To determine the extent to which the expression of ornamentation is linked to the social complexity at the between-group level in primates, we conducted comparative analyses relating the degree of sexual dimorphism in ornament expression (i.e., sexually selected status badges or quality indicators) to proxies of social complexity, such as home range overlap or intergroup encounter rates.

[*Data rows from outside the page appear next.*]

lemma p_modulus_paths_infinite_line_int:
  assumes "sets \<mu> = sets borel" "sets m = sets borel" "0 < p"
    and \<rho>: "\<rho> \<in> borel_measurable borel" and fin: "(\<integral>\<^sup>+x. enn_powr (\<rho> x) p \<partial>m) < \<infinity>"
  shows "p_modulus \<mu> m p {P. is_path P \<and> line_int \<mu> \<rho> P = \<infinity>} = 0"
proof -
  let ?\<Gamma> = "{P. is_path P \<and> line_int \<mu> \<rho> P = \<infinity>}"
  obtain I where I: "(\<integral>\<^sup>+x. enn_powr (\<rho> x) p \<partial>m) = ennreal I" "0 \<le> I"
    using fin by (cases "\<integral>\<^sup>+x. enn_powr (\<rho> x) p \<partial>m") auto
  have \<rho>_m: "(\<lambda>x. enn_powr (\<rho> x) p) \<in> borel_measurable m"
    using \<rho> by (simp add: measurable_cong_sets[OF assms(2) refl])
  have scaled: "p_modulus \<mu> m p ?\<Gamma> \<le> ennreal (c powr p * I)" if "0 < c" for c
  proof -
    have "line_int \<mu> (\<lambda>x. \<rho> x * ennreal c) P = \<infinity>" if "P \<in> ?\<Gamma>" for P
      using that \<open>0 < c\<close> line_int_mult_const[OF assms(1) _ \<rho>, of P "ennreal c"]
      by (simp add: ennreal_top_mult)
    then have "admissible \<mu> ?\<Gamma> (\<lambda>x. \<rho> x * ennreal c)"
      using \<rho> unfolding admissible_def by simp
    then have "p_modulus \<mu> m p ?\<Gamma> \<le> (\<integral>\<^sup>+x. enn_powr (\<rho> x * ennreal c) p \<partial>m)"
      by (rule p_modulus_le)
    also have "\<dots> = (\<integral>\<^sup>+x. enn_powr (\<rho> x) p * ennreal (c powr p) \<partial>m)"
      using assms(3) \<open>0 < c\<close> by (simp only: enn_powr_mult_ennreal)
    also have "\<dots> = ennreal I * ennreal (c powr p)"
      using \<rho>_m I(1) by (simp only: nn_integral_multc)
    also have "\<dots> = ennreal (c powr p * I)"
      using I(2) by (simp add: ennreal_mult' mult.commute)
    finally show ?thesis .
  qed
  have "p_modulus \<mu> m p ?\<Gamma> \<le> 0 + ennreal e" if "0 < e" for e
  proof -
    define c where "c = (e / (I + 1)) powr (1 / p)"
    have "c powr p * I = e * (I / (I + 1))"
      using \<open>0 < e\<close> I(2) assms(3) by (simp add: c_def powr_powr)
    also have "\<dots> \<le> e"
      using \<open>0 < e\<close> I(2) by (intro mult_left_le) auto
    finally have "ennreal (c powr p * I) \<le> ennreal e"
      by (rule ennreal_leI)
    moreover have "0 < c"
      using \<open>0 < e\<close> I(2) by (simp add: c_def)
    ultimately show ?thesis
      using scaled[of c] by simp
  qed
  then have "p_modulus \<mu> m p ?\<Gamma> \<le> 0"
    by (rule ennreal_le_epsilon)
  then show ?thesis
    by simp
qed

The rate of between-group encounters is often used to quantify the pressure exerted by outsiders (Ashton et al., 2020; Lemoine et al., 2020; Mosser & Packer, 2009). Home range overlap, which often results from multiple groups accessing spatially dispersed resources, could also be conceived as a quantitative measure of the prevalence/risk/probability of intrusions by neighboring groups and, by inference, as a proxy of inter-group competition (Crofoot, 2007; Grueter, 2013). That home range overlap reflects the frequency of mating competition is exemplified in colobine primates by greater sexual size dimorphism (a generally good indicator of male-male competition (Plavcan & van Schaik, 1997)) with more extensive home range overlap (Grueter & van Schaik, 2009). However, home range overlap could equally be suggestive of greater tolerance in some species (Ashton et al., 2020). To shed light on the usefulness of varying home range overlap as an index of mate competition between groups, we tested if the species-specific home range overlap was associated with the percentage of encounters that are agonistic. Irrespective of its role in competition, home range overlap can also be understood as a proxy of the extent of socio-spatial complexity at the intergroup level. In contrast to species with fixed territorial boundaries, primates with vastly overlapping home ranges are expected to regularly monitor the movements of groups in their vicinity and often encounter unfamiliar individuals that could pose serious threats to them (Grueter, 2015).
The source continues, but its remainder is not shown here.